> _Directions for this task_: Your answer must consist solely of the line containing "real \<Rightarrow> (real \<Rightarrow> real)" and all subsequent lines through the end of the entries, reproduced exactly.

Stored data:
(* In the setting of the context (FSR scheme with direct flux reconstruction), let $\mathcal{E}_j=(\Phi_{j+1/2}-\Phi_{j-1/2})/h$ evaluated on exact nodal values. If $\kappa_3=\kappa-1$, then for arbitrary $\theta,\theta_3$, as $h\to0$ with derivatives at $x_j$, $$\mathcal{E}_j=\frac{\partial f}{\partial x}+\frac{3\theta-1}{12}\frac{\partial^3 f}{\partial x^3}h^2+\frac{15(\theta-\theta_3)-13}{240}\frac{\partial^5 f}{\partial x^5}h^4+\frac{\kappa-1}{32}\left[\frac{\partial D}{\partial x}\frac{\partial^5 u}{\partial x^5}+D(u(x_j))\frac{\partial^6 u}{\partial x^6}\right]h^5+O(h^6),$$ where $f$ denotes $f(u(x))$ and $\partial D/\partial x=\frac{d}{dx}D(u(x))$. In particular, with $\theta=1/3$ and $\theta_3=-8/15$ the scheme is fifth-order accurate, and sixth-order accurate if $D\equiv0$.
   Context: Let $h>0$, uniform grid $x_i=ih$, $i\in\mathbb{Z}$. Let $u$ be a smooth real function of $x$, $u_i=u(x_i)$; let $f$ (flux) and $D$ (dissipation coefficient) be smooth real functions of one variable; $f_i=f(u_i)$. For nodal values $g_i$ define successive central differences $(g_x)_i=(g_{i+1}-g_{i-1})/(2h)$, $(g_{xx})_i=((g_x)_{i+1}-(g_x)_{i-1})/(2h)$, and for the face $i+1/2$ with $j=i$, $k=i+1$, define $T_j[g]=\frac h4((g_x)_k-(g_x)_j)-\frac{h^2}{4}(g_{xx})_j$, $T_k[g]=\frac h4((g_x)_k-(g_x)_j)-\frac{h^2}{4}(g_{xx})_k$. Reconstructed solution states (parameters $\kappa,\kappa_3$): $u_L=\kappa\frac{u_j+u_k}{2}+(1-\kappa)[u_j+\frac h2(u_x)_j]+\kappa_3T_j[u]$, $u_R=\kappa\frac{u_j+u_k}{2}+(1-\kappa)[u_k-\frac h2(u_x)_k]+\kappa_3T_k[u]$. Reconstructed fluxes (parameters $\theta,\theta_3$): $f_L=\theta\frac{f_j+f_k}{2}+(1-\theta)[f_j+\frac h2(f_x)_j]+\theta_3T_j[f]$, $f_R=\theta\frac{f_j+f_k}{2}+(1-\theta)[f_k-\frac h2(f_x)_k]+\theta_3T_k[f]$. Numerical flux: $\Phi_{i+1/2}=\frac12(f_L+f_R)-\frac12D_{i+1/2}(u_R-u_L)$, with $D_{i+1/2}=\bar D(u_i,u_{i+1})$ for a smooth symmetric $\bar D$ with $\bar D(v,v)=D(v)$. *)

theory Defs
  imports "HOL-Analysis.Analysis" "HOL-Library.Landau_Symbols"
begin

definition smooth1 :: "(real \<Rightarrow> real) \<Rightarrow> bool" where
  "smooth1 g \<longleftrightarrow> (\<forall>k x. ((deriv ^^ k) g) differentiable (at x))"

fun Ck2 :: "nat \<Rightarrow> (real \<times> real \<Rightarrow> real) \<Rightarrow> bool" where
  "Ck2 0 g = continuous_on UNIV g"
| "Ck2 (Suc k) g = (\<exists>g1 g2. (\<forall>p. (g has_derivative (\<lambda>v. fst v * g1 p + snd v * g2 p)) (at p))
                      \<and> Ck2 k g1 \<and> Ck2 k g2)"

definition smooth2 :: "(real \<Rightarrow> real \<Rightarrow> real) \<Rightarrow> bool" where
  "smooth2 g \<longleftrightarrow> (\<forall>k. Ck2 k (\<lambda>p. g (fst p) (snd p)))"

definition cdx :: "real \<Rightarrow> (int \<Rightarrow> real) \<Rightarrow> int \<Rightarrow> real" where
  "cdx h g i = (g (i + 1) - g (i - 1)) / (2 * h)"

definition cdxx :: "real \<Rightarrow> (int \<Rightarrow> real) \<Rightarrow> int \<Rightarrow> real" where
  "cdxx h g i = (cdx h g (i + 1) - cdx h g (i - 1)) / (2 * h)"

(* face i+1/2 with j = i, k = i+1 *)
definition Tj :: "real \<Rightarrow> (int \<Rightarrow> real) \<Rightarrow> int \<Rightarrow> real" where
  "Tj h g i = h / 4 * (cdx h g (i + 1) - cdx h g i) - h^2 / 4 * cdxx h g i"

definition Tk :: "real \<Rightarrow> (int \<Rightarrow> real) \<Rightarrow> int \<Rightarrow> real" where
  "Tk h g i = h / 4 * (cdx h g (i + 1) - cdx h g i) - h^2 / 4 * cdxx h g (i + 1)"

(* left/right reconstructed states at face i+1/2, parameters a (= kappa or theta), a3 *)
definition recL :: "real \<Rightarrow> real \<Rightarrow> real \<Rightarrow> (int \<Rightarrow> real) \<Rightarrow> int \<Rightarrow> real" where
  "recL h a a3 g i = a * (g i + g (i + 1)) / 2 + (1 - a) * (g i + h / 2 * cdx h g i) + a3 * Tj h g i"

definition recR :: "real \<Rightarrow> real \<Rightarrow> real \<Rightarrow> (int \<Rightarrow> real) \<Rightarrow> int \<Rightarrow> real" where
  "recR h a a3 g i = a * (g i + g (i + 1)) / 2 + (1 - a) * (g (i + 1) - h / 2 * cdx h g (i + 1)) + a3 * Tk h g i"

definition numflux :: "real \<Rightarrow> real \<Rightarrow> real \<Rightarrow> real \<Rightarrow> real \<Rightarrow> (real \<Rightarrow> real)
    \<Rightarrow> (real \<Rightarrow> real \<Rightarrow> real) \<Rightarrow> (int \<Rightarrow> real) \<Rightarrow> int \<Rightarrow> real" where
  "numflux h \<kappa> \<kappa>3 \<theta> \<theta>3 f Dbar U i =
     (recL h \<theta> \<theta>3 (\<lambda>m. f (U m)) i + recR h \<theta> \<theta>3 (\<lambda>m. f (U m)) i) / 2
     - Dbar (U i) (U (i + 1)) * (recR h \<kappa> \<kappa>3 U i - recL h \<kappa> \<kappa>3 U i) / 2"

> _Answer to the problem_:
definition numflux :: "real \<Rightarrow> real \<Rightarrow> real \<Rightarrow> real \<Rightarrow> real \<Rightarrow> (real \<Rightarrow> real)
    \<Rightarrow> (real \<Rightarrow> real \<Rightarrow> real) \<Rightarrow> (int \<Rightarrow> real) \<Rightarrow> int \<Rightarrow> real" where
  "numflux h \<kappa> \<kappa>3 \<theta> \<theta>3 f Dbar U i =
     (recL h \<theta> \<theta>3 (\<lambda>m. f (U m)) i + recR h \<theta> \<theta>3 (\<lambda>m. f (U m)) i) / 2
     - Dbar (U i) (U (i + 1)) * (recR h \<kappa> \<kappa>3 U i - recL h \<kappa> \<kappa>3 U i) / 2"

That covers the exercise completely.